The mean and stddev parameters serve as parameters to the normal distribution before truncation. The actual random variate returned will have a different mean and standard deviation.

Parameters:
mean mean of the normal distribution
stddev standard deviation of the normal distribution
rng the underlying random number generator

Referenced by truncnormal().

SIM_API double uniform ( double  a,
double  b,
int  rng = 0 
)

Returns a random variate with uniform distribution in the range [a,b).

Parameters:
a,b the interval, a<b
rng the underlying random number generator

Referenced by uniform().

SIM_API double weibull ( double  a,
double  b,
int  rng = 0 
)

Returns a random variate from the Weibull distribution with parameters a, b > 0, where a is the "scale" parameter and b is the "shape" parameter.
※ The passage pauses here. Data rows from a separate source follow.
text \<open>Let \<open>M\<close> be the symmetric matrix with diagonal \<open>a\<close> and off-diagonal \<open>b\<close>. Column scaling
  of \<open>diag(1,v) M diag(1,u)\<close> forgets \<open>u\<close> and gives a matrix of the same shape, with \<open>M\<close> rescaled
  and new right ratio \<open>(a + b v) / (b + a v)\<close>; row scaling acts symmetrically. So the alternate
  minimization sequence stays in two explicit one-parameter families whose parameter is iterated
  by the Moebius map \<open>r \<mapsto> (a + b r) / (b + a r)\<close>. In the coordinate \<open>(1 - r) / (1 + r)\<close> this map
  is multiplication by \<open>(b - a) / (a + b)\<close>, of modulus less than one, so the parameter tends
  to \<open>1\<close> and the sequence tends to \<open>M / (a + b)\<close>. Every positive matrix has the shape
  \<open>diag(1,v) M diag(1,u)\<close>; that \<open>A Y(A)\<close>, resp. \<open>X(A) A\<close>, is doubly stochastic means \<open>v = 1\<close>,
  resp. \<open>u = 1\<close>, and then this first scaling already reaches the limit.\<close>

definition mat2 :: "real \<Rightarrow> real \<Rightarrow> real \<Rightarrow> real \<Rightarrow> real^2^2" where
  "mat2 p q r s = (\<chi> i j. if i = 1 then (if j = 1 then p else q) else (if j = 1 then r else s))"

lemma mat2_nth [simp]:
  "mat2 p q r s $ 1 $ 1 = p" "mat2 p q r s $ 1 $ 2 = q"
  "mat2 p q r s $ 2 $ 1 = r" "mat2 p q r s $ 2 $ 2 = s"
  by (simp_all add: mat2_def)

lemma mat2_eq_iff:
  "(M::real^2^2) = N \<longleftrightarrow> M$1$1 = N$1$1 \<and> M$1$2 = N$1$2 \<and> M$2$1 = N$2$1 \<and> M$2$2 = N$2$2"
  by (auto simp: vec_eq_iff forall_2)

lemma tendsto_mat2:
  assumes "(p \<longlongrightarrow> p0) F" "(q \<longlongrightarrow> q0) F" "(r \<longlongrightarrow> r0) F" "(s \<longlongrightarrow> s0) F"
  shows "((\<lambda>x. mat2 (p x) (q x) (r x) (s x)) \<longlongrightarrow> mat2 p0 q0 r0 s0) F"
proof (rule vec_tendstoI, rule vec_tendstoI)
  fix i j :: 2
  show "((\<lambda>x. mat2 (p x) (q x) (r x) (s x) $ i $ j) \<longlongrightarrow> mat2 p0 q0 r0 s0 $ i $ j) F"
    using assms exhaust_2[of i] exhaust_2[of j] by auto
qed

lemma diag_mat_mult_nth: "(diag_mat d ** B) $ i $ j = d i * B $ i $ j"
  by (simp add: matrix_matrix_mult_def diag_mat_def if_distrib if_distribR cong: if_cong)

lemma mult_diag_mat_nth: "(B ** diag_mat d) $ i $ j = B $ i $ j * d j"
  by (simp add: matrix_matrix_mult_def diag_mat_def if_distrib if_distribR cong: if_cong)

lemma Xs_mult_2x2: "Xs (B::real^2^2) ** B =
  mat2 (B$1$1 / (B$1$1 + B$1$2)) (B$1$2 / (B$1$1 + B$1$2))
       (B$2$1 / (B$2$1 + B$2$2)) (B$2$2 / (B$2$1 + B$2$2))"
  unfolding mat2_eq_iff Xs_def diag_mat_mult_nth row_sum_def sum_2 by simp

lemma mult_Ys_2x2: "(B::real^2^2) ** Ys B =
  mat2 (B$1$1 / (B$1$1 + B$2$1)) (B$1$2 / (B$1$2 + B$2$2))
       (B$2$1 / (B$1$1 + B$2$1)) (B$2$2 / (B$1$2 + B$2$2))"
  unfolding mat2_eq_iff Ys_def mult_diag_mat_nth col_sum_def sum_2 by simp

lemma doubly_stochastic_2x2_iff: "doubly_stochastic (B::real^2^2) \<longleftrightarrow>
   B$1$1 + B$1$2 = 1 \<and> B$2$1 + B$2$2 = 1 \<and> B$1$1 + B$2$1 = 1 \<and> B$1$2 + B$2$2 = 1"
  unfolding doubly_stochastic_def row_sum_def col_sum_def sum_2 forall_2 by simp

lemma divide_add_divide_eq_1_iff:
  fixes p q r s :: real
  assumes "p + r > 0" "q + s > 0"
  shows "p / (p + r) + q / (q + s) = 1 \<longleftrightarrow> p * q = r * s"
  using assms mult_pos_pos[OF assms] by (auto simp: field_simps)
lemma suminf_mult_Gterm_tendsto_head:
  fixes q :: complex
  assumes q: "q \<noteq> 0" "norm q < 1" and w: "exp_bounded w"
  shows "(\<lambda>n. \<Sum>k. w k * Gterm (int n) q k) \<longlonglongrightarrow> w 0"
proof (rule LIM_zero_cancel, rule Lim_null_comparison)
  show "\<forall>\<^sub>F n in sequentially. norm ((\<Sum>k. w k * Gterm (int n) q k) - w 0)
          \<le> norm q ^ n * (\<Sum>k. norm (w (Suc k) * Gterm 0 q (Suc k)))"
    using norm_suminf_mult_Gterm_minus_head_le[OF q w] by simp
  show "(\<lambda>n. norm q ^ n * (\<Sum>k. norm (w (Suc k) * Gterm 0 q (Suc k)))) \<longlonglongrightarrow> 0"
    using q(2) by (intro tendsto_mult_left_zero LIMSEQ_power_zero) simp
qed

lemma Gin_wronskian_shift_invariant:
  fixes q :: complex
  assumes q: "q \<noteq> 0" "norm q < 1"
  shows "G1in m q * G0in (m + 1) q - G1in (m + 1) q * G0in m q
           = G1in 0 q * G0in 1 q - G1in 1 q * G0in 0 q"
proof -
  define W where "W m = G1in m q * G0in (m + 1) q - G1in (m + 1) q * G0in m q" for m
  have step: "W (i + 1) = W i" for i
  proof -
    have rec: "G0in (i + 2) q = (2 - q powi (i + 1)) * G0in (i + 1) q - G0in i q"
              "G1in (i + 2) q = (2 - q powi (i + 1)) * G1in (i + 1) q - G1in i q"
      using G0in_recurrence[OF q, of i] G1in_recurrence[OF q, of i] by (simp_all add: algebra_simps)
    have "W (i + 1) = G1in (i + 1) q * G0in (i + 2) q - G1in (i + 2) q * G0in (i + 1) q"
      by (simp add: W_def add.assoc)
    thus ?thesis
      unfolding rec W_def by (simp add: algebra_simps)
  qed
  have "W m = W 0"
  proof (induction m rule: int_induct[where k = 0])
    case (step1 i)
    thus ?case using step[of i] by simp
  next
    case (step2 i)
    thus ?case using step[of "i - 1"] by simp
  qed simp
  thus ?thesis by (simp add: W_def)
qed

lemma G1in_add_int:
  fixes q :: complex
  assumes q: "q \<noteq> 0" "norm q < 1"
  shows "G1in (m + int j) q = of_nat j * G0in (m + int j) q + (\<Sum>k. Lfac m q k * Gterm (m + int j) q k)"
proof -
  note summable_G0 = summable_mult_Gterm[OF q exp_bounded_const, of 1 "m + int j"]
  note summable_rest = summable_mult_Gterm[OF q exp_bounded_Lfac[OF q(2)], of m "m + int j"]
  have "G1in (m + int j) q
          = (\<Sum>k. of_nat j * (1 * Gterm (m + int j) q k) + Lfac m q k * Gterm (m + int j) q k)"
    unfolding G1in_def using Lfac_add_int[of m j q] by (intro suminf_cong) (simp add: algebra_simps)
  also have "\<dots> = of_nat j * G0in (m + int j) q + (\<Sum>k. Lfac m q k * Gterm (m + int j) q k)"
    unfolding G0in_def
    by (subst suminf_add[symmetric, OF summable_mult[OF summable_G0] summable_rest],
        subst suminf_mult[OF summable_G0]) simp
  finally show ?thesis .
qed

lemma Gin_wronskian:
  fixes q :: complex
  assumes q: "q \<noteq> 0" "norm q < 1"
  shows "G1in m q * G0in (m + 1) q - G1in (m + 1) q * G0in m q = -1"
proof -
  define g where "g n = (\<Sum>k. 1 * Gterm (int n) q k)" for n
  define h where "h n = (\<Sum>k. Lfac 0 q k * Gterm (int n) q k)" for n
  have g: "g \<longlonglongrightarrow> 1"
    unfolding g_def using suminf_mult_Gterm_tendsto_head[OF q exp_bounded_const, of 1] by simp
  have h: "h \<longlonglongrightarrow> Lfac 0 q 0"
    unfolding h_def by (rule suminf_mult_Gterm_tendsto_head[OF q exp_bounded_Lfac[OF q(2)]])
  have G0in_nat: "G0in (int n) q = g n" for n
    by (simp add: g_def G0in_def)
  have G1in_nat: "G1in (int n) q = of_nat n * g n + h n" for n
    using G1in_add_int[OF q, of 0 n] by (simp add: g_def h_def G0in_def)
  have "G1in 0 q * G0in 1 q - G1in 1 q * G0in 0 q = h n * g (Suc n) - g (Suc n) * g n - h (Suc n) * g n" for n
  proof -
    have "G1in 0 q * G0in 1 q - G1in 1 q * G0in 0 q
            = G1in (int n) q * G0in (int (Suc n)) q - G1in (int (Suc n)) q * G0in (int n) q"
      using Gin_wronskian_shift_invariant[OF q, of "int n"] by (simp add: add.commute)
    also have "\<dots> = h n * g (Suc n) - g (Suc n) * g n - h (Suc n) * g n"
      unfolding G0in_nat G1in_nat by (simp add: algebra_simps)
    finally show ?thesis .
  qed
  moreover have "(\<lambda>n. h n * g (Suc n) - g (Suc n) * g n - h (Suc n) * g n) \<longlonglongrightarrow>
                   Lfac 0 q 0 * 1 - 1 * 1 - Lfac 0 q 0 * 1"
    by (intro tendsto_intros h g LIMSEQ_Suc)
  ultimately have "G1in 0 q * G0in 1 q - G1in 1 q * G0in 0 q = -1"
    by (simp add: LIMSEQ_const_iff)
  thus ?thesis
    using Gin_wronskian_shift_invariant[OF q, of m] by simp
qed

subsection \<open>Extension to \<open>|q| > 1\<close>\<close>

lemma inverse_in_unit_disc:
  fixes q :: complex
  assumes "norm q \<noteq> 1" "\<not> norm q < 1"
  shows "inverse q \<noteq> 0" "norm (inverse q) < 1"
proof -
  have "norm q > 1"
    using assms by simp
  thus "inverse q \<noteq> 0" "norm (inverse q) < 1"
    by (auto simp: norm_inverse inverse_less_1_iff)
qed

lemma inverse_outside_unit_disc:
  fixes q :: complex
  assumes "q \<noteq> 0" "norm q < 1"
  shows "\<not> norm (inverse q) < 1"
proof -
  have "1 < inverse (norm q)"
    using assms by (intro one_less_inverse) auto
  thus ?thesis by (simp add: norm_inverse)
qed

lemma recurrence_reflect:
  fixes F :: "int \<Rightarrow> 'a::field"
  assumes "\<And>m. F (m + 2) - (2 - p powi (m + 1)) * F (m + 1) + F m = c"
  shows "F (- m) - (2 - inverse p powi (m + 1)) * F (- (m + 1)) + F (- (m + 2)) = c"
proof -
  have indices: "- (m + 2) + 2 = - m" "- (m + 2) + 1 = - (m + 1)"
    by simp_all
  have power: "p powi (- (m + 1)) = inverse p powi (m + 1)"
    by (simp only: power_int_minus power_int_inverse)
  from assms[of "- (m + 2)"] show ?thesis
    unfolding indices power .
qed

lemma G0_recurrence:
  fixes q :: complex
  assumes q: "q \<noteq> 0" "norm q \<noteq> 1"
  shows "G0 (m + 2) q - (2 - q powi (m + 1)) * G0 (m + 1) q + G0 m q = 0"
proof (cases "norm q < 1")
  case True
  thus ?thesis using G0in_recurrence[OF q(1) True] by (simp add: G0_def)
next
  case False
  from recurrence_reflect[of "\<lambda>k. G0in k (inverse q)",
      OF G0in_recurrence[OF inverse_in_unit_disc[OF q(2) False]], where m = m]
  show ?thesis using False by (simp add: G0_def algebra_simps)
qed

lemma G1_recurrence:
  fixes q :: complex
  assumes q: "q \<noteq> 0" "norm q \<noteq> 1"
  shows "G1 (m + 2) q - (2 - q powi (m + 1)) * G1 (m + 1) q + G1 m q = 0"
proof (cases "norm q < 1")
  case True
  thus ?thesis using G1in_recurrence[OF q(1) True] by (simp add: G1_def)
next
  case False
  from recurrence_reflect[of "\<lambda>k. G1in k (inverse q)",
      OF G1in_recurrence[OF inverse_in_unit_disc[OF q(2) False]], where m = m]
  show ?thesis using False by (simp add: G1_def algebra_simps)
qed

lemma G2_recurrence:
  fixes q :: complex
  assumes q: "q \<noteq> 0" "norm q \<noteq> 1"
  shows "G2 (m + 2) q - (2 - q powi (m + 1)) * G2 (m + 1) q + G2 m q = 1"
proof (cases "norm q < 1")
  case True
  thus ?thesis using G2in_recurrence[OF q(1) True] by (simp add: G2_def)
next
  case False
  from recurrence_reflect[of "\<lambda>k. G2in k (inverse q)",
      OF G2in_recurrence[OF inverse_in_unit_disc[OF q(2) False]], where m = m]
  show ?thesis using False by (simp add: G2_def algebra_simps)
qed
(* Let $U$ and $X$ be compact metric spaces, let $T:U\to U$ be a surjective map (not necessarily continuous), and let $g:U\times X\to X$ be a continuous driven system that is SI-invertible and has the unique solution property (USP). Let $h:\overleftarrow{U}\to X$ be the map defined below, let $r:\overleftarrow U\to\overleftarrow U$ be the shift $r(\ldots,u_{-3},u_{-2},u_{-1})=(\ldots,u_{-3},u_{-2})$, and set $H_2(\overleftarrow u):=(h(r\overleftarrow u),h(\overleftarrow u))$. Let $(\widehat U_T,\widehat T)$ be the inverse-limit system of $(U,T)$, $Y_T$ the relation induced by $(U,T)$, and $G_T:Y_T\to Y_T$ the map $(x_{n-1},x_n)\mapsto(x_n,x_{n+1})$ (for solutions driven by orbits of $T$). Then: (i) $H_2$ restricted to $\widehat U_T$ is a continuous surjection onto $Y_T$ satisfying $H_2\circ\widehat T=G_T\circ H_2$ on $\widehat U_T$; in particular $(Y_T,G_T)$ is topologically semi-conjugate to $(\widehat U_T,\widehat T)$. (ii) If moreover $T:U\to U$ is a homeomorphism, then $H_2|_{\widehat U_T}:\widehat U_T\to Y_T$ is a homeomorphism, so $(Y_T,G_T)$ is topologically conjugate to $(\widehat U_T,\widehat T)$ (and hence to $(U,T)$), and $g$ causally embeds $(U,T)$.
   Context: An orbit of $T$ is a bi-infinite sequence $\{u_n\}_{n\in\mathbb Z}\subset U$ with $u_{n+1}=Tu_n$ for all $n$. A driven system is a continuous map $g:U\times X\to X$; a solution of $g$ for an input $\bar u=\{u_n\}_{n\in\mathbb Z}\subset U$ is a sequence $\{x_n\}_{n\in\mathbb Z}\subset X$ with $x_{n+1}=g(u_n,x_n)$ for all $n$ (by compactness at least one exists). $g$ is SI-invertible if $g(\cdot,x):U\to X$ is injective for every $x\in X$. $g$ has the unique solution property (USP) if for each input $\bar u$ there is exactly one solution. $\overleftarrow U:=\cdots\times U\times U$ denotes the set of left-infinite sequences $(\ldots,u_{-2},u_{-1})$ with the product topology. Under the USP the value $x_0$ of the unique solution depends only on the left-infinite part $(\ldots,u_{-2},u_{-1})$ of the input; $h:\overleftarrow U\to X$ is defined by $h(\ldots,u_{-2},u_{-1})=x_0$, where $\{x_n\}$ is the unique solution for any bi-infinite input extending $(\ldots,u_{-2},u_{-1})$. The reachable set $X_U$ is the set of all values $x_k$ of all solutions for all inputs. The inverse-limit space is $\widehat U_T:=\{(\ldots,u_{-2},u_{-1})\in\overleftarrow U: Tu_n=u_{n+1}\ \forall n\le -2\}$ and $\widehat T(\ldots,u_{-2},u_{-1}):=(\ldots,u_{-2},u_{-1},Tu_{-1})$ (reindexed so the last entry has index $-1$). The relation induced by $(U,T)$ is $Y_T:=\{(x_{n-1},x_n):\{x_k\}\text{ a solution of }g\text{ for some orbit of }T,\ n\in\mathbb Z\}$. A system $(V,S)$ is topologically semi-conjugate (resp. conjugate) to $(W,R)$ if there is a continuous surjection (resp. homeomorphism) $\phi:W\to V$ with $\phi\circ R=S\circ\phi$. $g$ causally embeds $(U,T)$ if $h$ is continuous, surjective onto $X_U$, satisfies $h\circ\sigma_v=g(v,\cdot)\circ h$ for all $v\in U$ where $\sigma_v(\ldots,u_{-2},u_{-1})=(\ldots,u_{-2},u_{-1},v)$, and $H_2$ restricted to $\widehat U_T$ is a topological embedding into $X\times X$. *)

theory Defs
  imports "HOL-Analysis.Analysis"
begin
lemma prefix_ruler_Suc:
  "prefix u (ruler (Suc n)) \<longleftrightarrow>
     prefix u (ruler n) \<or> (\<exists>u'. u = ruler n @ n # u' \<and> prefix u' (ruler n))"
  by (auto simp: prefix_append prefix_Cons)

lemma prefix_ruler_in_ruler_words: "prefix u (ruler n) \<Longrightarrow> u \<in> ruler_words n"
proof (induction n arbitrary: u)
  case (Suc n)
  from Suc.prems consider "prefix u (ruler n)"
    | u' where "u = ruler n @ n # u'" "prefix u' (ruler n)"
    unfolding prefix_ruler_Suc by blast
  then show ?case
  proof cases
    case 1
    then show ?thesis by (simp add: Suc.IH)
  next
    case 2
    then have "u \<in> block n (ruler_words n)"
      using set_ruler[of n] Suc.IH[of u'] unfolding block_def by blast
    then show ?thesis by simp
  qed
qed simp

lemma prefix_ruler_ends_zero_iff: "prefix u (ruler n) \<Longrightarrow> ends_zero u \<longleftrightarrow> odd (length u)"
proof (induction n arbitrary: u)
  case (Suc n)
  from Suc.prems consider "prefix u (ruler n)"
    | u' where "u = ruler n @ n # u'" "prefix u' (ruler n)"
    unfolding prefix_ruler_Suc by blast
  then show ?case
  proof cases
    case 1
    with Suc.IH show ?thesis .
  next
    case 2
    show ?thesis
    proof (cases "n = 0")
      case True
      with 2 show ?thesis by (simp add: ends_zero_def)
    next
      case False
      have "length u = 2 ^ n + length u'"
        using 2(1) by (simp add: length_ruler)
      moreover have "even ((2::nat) ^ n)" using False by simp
      ultimately have "odd (length u) \<longleftrightarrow> odd (length u')" by simp
      moreover have "ends_zero u \<longleftrightarrow> ends_zero u'"
        using 2(1) False by (cases "u' = []") (simp_all add: ends_zero_append_Cons)
      ultimately show ?thesis using Suc.IH[OF 2(2)] by simp
    qed
  qed
qed simp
Sometimes Weibull is given with alpha and beta parameters, then alpha=b and beta=a.

The Weibull distribution gives the distribution of lifetimes of objects. It was originally proposed to quantify fatigue data, but it is also used in reliability analysis of systems involving a "weakest link," e.g. in calculating a device's mean time to failure.

When b=1, Weibull(a,b) is exponential with mean a.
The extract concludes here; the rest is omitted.